Sadmisselle Posted January 30, 2013 Posted January 30, 2013 Yes, I am counting the hours. I am that pathetic. Monday he talked to me, "apologized" injust a way... told me "this is the most respect you'll ever get out of me again." Yesterday my dumb a** thought talking to him was a good idea. He apparently unblocked me because he responded right away. "I know you didn't deserve any of this. I just want you to hate me so I can stop hurting you. I haven't eaten since Thursday. I feel like giving up." And then I say something and he blocks me again. Seriously? I KNOW i shouldn't talk to him. I know that yet I cannot let him go. It's been6a days since the breakup. 4 days since I found out he had slept with some other girl... but I am getting worse . Why do i care that he feels like giving up? Why am i worried about how he is at all? I think i just enjoy this pain or something because this is not normal. I am not going to try talking to him again. But he ALWAYS comes back. And I don't know what I am more afraid of. Him coming back and my reaction to it... or him not coming back at all? Clearly, i am pathetic.

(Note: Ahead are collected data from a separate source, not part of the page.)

(* Let $A\geq1$ and $\varepsilon>0$ be fixed. Let $a,c\in\mathbb{Z}\setminus\{0\}$, $b\in\mathbb{Z}$ and $x_1,x_2\geq1$ be such that $|c|<x_2^{A}$. Then $$\#\{n\in\mathbb{Z}\cap[-x_1,x_1]:\ \gcd(an+b,c)>x_2\}\ll \frac{x_1\gcd(a,c)}{x_2^{1-\varepsilon}}+\tau(c),$$ where the implied constant depends only on $A$ and $\varepsilon$.
   Context: $\tau(c)$ denotes the number of positive divisors of $c$. *)

theory Defs
  imports "HOL-Analysis.Analysis"
begin

definition tau :: "int \<Rightarrow> nat" where
  "tau c = card {d::int. d > 0 \<and> d dvd c}"

end

theory Submission
  imports Defs "HOL-Computational_Algebra.Primes"
begin

(* If gcd(an + b, c) = d > x2, then d is a divisor of c exceeding x2 and d divides an + b.
   The solutions of d | an + b form a single residue class modulo d / gcd(a, d), a modulus
   of size at least x2 / gcd(a, c), so each divisor d accounts for at most
   2 x1 gcd(a, c) / x2 + 1 values of n. Summing over the at most tau(c) divisors and using
   the divisor bound tau(c) << |c|^(eps/A) < x2^eps gives the estimate. *)

lemma card_divisors_mult_le:
  fixes a b :: nat
  shows "card {d. d dvd a * b} \<le> card {d. d dvd a} * card {d. d dvd b}"
proof (cases "a = 0 \<or> b = 0")
  case True
  then show ?thesis by auto
next
  case False
  have "{d. d dvd a * b} \<subseteq> (\<lambda>(u, v). u * v) ` ({d. d dvd a} \<times> {d. d dvd b})"
    by (auto dest!: division_decomp)
  then have "card {d. d dvd a * b} \<le> card ((\<lambda>(u, v). u * v) ` ({d. d dvd a} \<times> {d. d dvd b}))"
    using False by (intro card_mono) auto
  also have "\<dots> \<le> card ({d. d dvd a} \<times> {d. d dvd b})"
    using False by (intro card_image_le) auto
  finally show ?thesis by (simp add: card_cartesian_product)
qed

lemma card_divisors_prod_le:
  fixes f :: "'a \<Rightarrow> nat"
  shows "card {d. d dvd (\<Prod>p\<in>P. f p)} \<le> (\<Prod>p\<in>P. card {d. d dvd f p})"
proof (induction P rule: infinite_finite_induct)
  case (insert x F)
  have "card {d. d dvd (\<Prod>p\<in>insert x F. f p)} \<le> card {d. d dvd f x} * card {d. d dvd (\<Prod>p\<in>F. f p)}"
    using insert.hyps card_divisors_mult_le by simp
  also have "\<dots> \<le> (\<Prod>p\<in>insert x F. card {d. d dvd f p})"
    using insert by simp
  finally show ?case .
qed simp_all

lemma card_divisors_prime_power:
  fixes p :: nat
  assumes "prime p"
  shows "card {d. d dvd p ^ e} = Suc e"
proof -
  have "{d. d dvd p ^ e} = (\<lambda>i. p ^ i) ` {..e}"
    using divides_primepow_nat[OF assms] by auto
  moreover have "inj_on (\<lambda>i. p ^ i) {..e}"
    using prime_gt_1_nat[OF assms] by (auto intro: inj_onI simp: power_inject_exp)
  ultimately show ?thesis by (simp add: card_image)
qed

lemma card_divisors_le_prod_Suc_multiplicity:
  fixes n :: nat
  assumes "n > 0"
  shows "card {d. d dvd n} \<le> (\<Prod>p\<in>prime_factors n. Suc (multiplicity p n))"
proof -
  have "card {d. d dvd n} \<le> (\<Prod>p\<in>prime_factors n. card {d. d dvd p ^ multiplicity p n})"
    by (subst prime_factorization_nat[OF assms]) (rule card_divisors_prod_le)
  also have "\<dots> = (\<Prod>p\<in>prime_factors n. Suc (multiplicity p n))"
    by (intro prod.cong) (auto simp: card_divisors_prime_power in_prime_factors_iff)
  finally show ?thesis .
qed

lemma linear_le_const_times_exp:
  fixes \<delta> :: real
  assumes "\<delta> > 0"
  obtains C where "C \<ge> 1" "\<And>e::nat. real e + 1 \<le> C * 2 powr (real e * \<delta>)"
proof
  define L where "L = \<delta> * ln 2"
  have "L > 0" using assms by (simp add: L_def)
  show "1 + 1 / L \<ge> 1" using \<open>L > 0\<close> by simp
  fix e :: nat
  have "real e + 1 \<le> (1 + 1 / L) * (1 + real e * L)"
    using \<open>L > 0\<close> by (simp add: field_simps)
  also have "1 + real e * L \<le> exp (real e * L)" by (rule exp_ge_add_one_self)
  also have "exp (real e * L) = 2 powr (real e * \<delta>)" by (simp add: powr_def L_def)
  finally show "real e + 1 \<le> (1 + 1 / L) * 2 powr (real e * \<delta>)"
    using \<open>L > 0\<close> by (simp add: mult_left_mono)
qed

lemma Suc_le_powr_of_large_base:
  fixes \<delta> x :: real
  assumes "\<delta> > 0" "x \<ge> 2 powr (1 / \<delta>)"
  shows "real e + 1 \<le> x powr (real e * \<delta>)"
proof -
  have "x powr \<delta> \<ge> (2 powr (1 / \<delta>)) powr \<delta>"
    using assms by (intro powr_mono2) auto
  then have x\<delta>: "x powr \<delta> \<ge> 2"
    using assms by (simp add: powr_powr)
  have "real e + 1 \<le> 2 ^ e" by (induction e) auto
  also have "\<dots> \<le> (x powr \<delta>) ^ e" using x\<delta> by (intro power_mono) auto
  also have "\<dots> = (x powr \<delta>) powr real e"
    by (rule powr_realpow[symmetric]) (use x\<delta> in linarith)
  also have "\<dots> = x powr (real e * \<delta>)"
    by (metis powr_powr mult.commute)
  finally show ?thesis .
qed

lemma card_divisors_le_powr:
  fixes \<delta> :: real
  assumes "\<delta> > 0"
  obtains K where "K > 0" "\<And>n::nat. n > 0 \<Longrightarrow> real (card {d. d dvd n}) \<le> K * real n powr \<delta>"
proof -
  obtain C where C: "C \<ge> 1" "\<And>e::nat. real e + 1 \<le> C * 2 powr (real e * \<delta>)"
    using linear_le_const_times_exp[OF assms] by blast
  define N where "N = nat \<lceil>2 powr (1 / \<delta>)\<rceil>"
  \<comment> \<open>Since e + 1 \<le> p powr (e * \<delta>) once p \<ge> 2 powr (1 / \<delta>), only primes below N
      need the constant C.\<close>
  define c where "c p = (if p < N then C else 1)" for p
  have prime_power: "real (Suc e) \<le> c p * real p powr (real e * \<delta>)" if "prime p" for p e
  proof (cases "p < N")
    case True
    have "real (Suc e) \<le> C * 2 powr (real e * \<delta>)" using C(2)[of e] by (simp add: add.commute)
    also have "\<dots> \<le> C * real p powr (real e * \<delta>)"
      using C(1) prime_ge_2_nat[OF \<open>prime p\<close>] assms by (intro mult_left_mono powr_mono2) auto
    finally show ?thesis using True by (simp add: c_def)
  next
    case False
    then have "real p \<ge> 2 powr (1 / \<delta>)" unfolding N_def by linarith
    then show ?thesis
      using False Suc_le_powr_of_large_base[OF assms, of "real p" e] by (simp add: c_def add.commute)
  qed
  have "real (card {d. d dvd n}) \<le> C ^ N * real n powr \<delta>" if "n > 0" for n :: nat
  proof -
    let ?P = "prime_factors n" and ?m = "\<lambda>p. multiplicity p n"
    have "real (card {d. d dvd n}) \<le> (\<Prod>p\<in>?P. real (Suc (?m p)))"
      using card_divisors_le_prod_Suc_multiplicity[OF that] by (metis of_nat_le_iff of_nat_prod)
    also have "\<dots> \<le> (\<Prod>p\<in>?P. c p * real p powr (real (?m p) * \<delta>))"
      by (intro prod_mono conjI prime_power) (auto simp: in_prime_factors_iff)
    also have "\<dots> = (\<Prod>p\<in>?P. c p) * (\<Prod>p\<in>?P. real (p ^ ?m p)) powr \<delta>"
      by (simp add: prod.distrib prod_powr_distrib powr_realpow[symmetric] powr_powr
          prime_gt_0_nat in_prime_factors_iff mult.commute)
    also have "(\<Prod>p\<in>?P. real (p ^ ?m p)) = real n"
      by (metis of_nat_prod prime_factorization_nat[OF that])
    also have "(\<Prod>p\<in>?P. c p) = C ^ card (?P \<inter> {p. p < N})"
      unfolding c_def by (simp add: prod.If_cases)
    also have "\<dots> \<le> C ^ N"
      using C(1) card_mono[of "{..<N}" "?P \<inter> {p. p < N}"] by (intro power_increasing) auto
    finally show ?thesis by (simp add: mult_right_mono)
  qed
  moreover have "C ^ N > 0" using C(1) by simp
  ultimately show ?thesis using that by blast
qed
lemma tensor_approx_indicator_disjoint_UN:
  fixes A :: "nat \<Rightarrow> ('a \<times> 'b) set"
  assumes A: "disjoint_family A" "\<And>i. A i \<in> sets (M1 \<Otimes>\<^sub>M M2)"
    "\<And>i. tensor_approx M1 M2 (\<lambda>p. indicator (A i) p)"
  shows "tensor_approx M1 M2 (\<lambda>p. indicator (\<Union>(range A)) p)"
proof -
  let ?U = "\<Union> (range A)"
  define B where "B n = (\<Union>i\<in>{..<n}. A i)" for n
  have Us: "?U \<in> sets (M1 \<Otimes>\<^sub>M M2)"
    using A(2) by auto
  have Bs: "B n \<in> sets (M1 \<Otimes>\<^sub>M M2)" for n
    unfolding B_def using A(2) by auto
  have BU: "B n \<subseteq> ?U" for n
    unfolding B_def by blast
  have appB: "tensor_approx M1 M2 (\<lambda>p. indicator (B n) p)" for n
  proof (rule tensor_approx_cong)
    show "tensor_approx M1 M2 (\<lambda>p. \<Sum>i\<in>{..<n}. indicator (A i) p)"
      by (rule tensor_approx_sum) (simp_all add: A(3))
    show "(\<lambda>p. indicator (B n) p :: complex) \<in> borel_measurable (M1 \<Otimes>\<^sub>M M2)"
      using Bs by simp
    fix p
    have "disjoint_family_on A {..<n}"
      using A(1) by (rule disjoint_family_on_mono[rotated]) simp
    then show "(\<Sum>i\<in>{..<n}. indicator (A i) p) = (indicator (B n) p :: complex)"
      unfolding B_def by (simp add: indicator_UN_disjoint)
  qed
  show ?thesis
  proof (rule tensor_approx_limit)
    show "(\<lambda>p. indicator ?U p :: complex) \<in> borel_measurable (M1 \<Otimes>\<^sub>M M2)"
      using Us by simp
    fix d :: real assume d: "0 < d"
    have "incseq B"
      unfolding B_def incseq_def by (intro allI impI UN_mono) auto
    moreover have "\<Union> (range B) = ?U"
      unfolding B_def by blast
    ultimately have "(\<lambda>n. measure (M1 \<Otimes>\<^sub>M M2) (B n)) \<longlonglongrightarrow> measure (M1 \<Otimes>\<^sub>M M2) ?U"
      using finite_measure.finite_Lim_measure_incseq[OF fin_pair, of B] Bs by auto
    then obtain N where N: "\<And>n. n \<ge> N \<Longrightarrow> norm (measure (M1 \<Otimes>\<^sub>M M2) (B n) - measure (M1 \<Otimes>\<^sub>M M2) ?U) < d"
      using d unfolding LIMSEQ_iff by blast
    have "(\<integral>\<^sup>+p. ennreal ((cmod (indicator ?U p - indicator (B N) p))\<^sup>2) \<partial>(M1 \<Otimes>\<^sub>M M2))
        = (\<integral>\<^sup>+p. indicator (?U - B N) p \<partial>(M1 \<Otimes>\<^sub>M M2))"
      using BU[of N] by (intro nn_integral_cong) (auto split: split_indicator)
    also have "\<dots> = ennreal (measure (M1 \<Otimes>\<^sub>M M2) ?U - measure (M1 \<Otimes>\<^sub>M M2) (B N))"
      using Us Bs finite_measure.emeasure_eq_measure[OF fin_pair]
        finite_measure.finite_measure_Diff[OF fin_pair Us Bs BU] by simp
    also have "\<dots> < ennreal d"
      using N[of N] d by (intro ennreal_lessI) auto
    finally show "\<exists>H'. tensor_approx M1 M2 H' \<and>
        (\<integral>\<^sup>+p. ennreal ((cmod (indicator ?U p - H' p))\<^sup>2) \<partial>(M1 \<Otimes>\<^sub>M M2)) < ennreal d"
      using appB[of N] by blast
  qed
qed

Own Worst Enemy Posted January 30, 2013 Posted January 30, 2013 You just love him. And that takes time to unroot itself and for you to heal the pain of detaching. We're all going through the same thing. That is a helpful thought when not much else is x 1
Author Sadmisselle Posted January 31, 2013 Author Posted January 31, 2013 You just love him. And that takes time to unroot itself and for you to heal the pain of detaching. We're all going through the same thing. That is a helpful thought when not much else is x Well I want it to end now. I WANT to feel normal now. Apparently in my chemically induced sleep state last night I thought messaging him I miss you was appropriate. Obviously not since I got no reply and then heard about it from his best friend. I'm not doing well at all. I can't sleep. I never eat. I lay in bed and cry. That is my life now and i absolutely hate who i am becoming.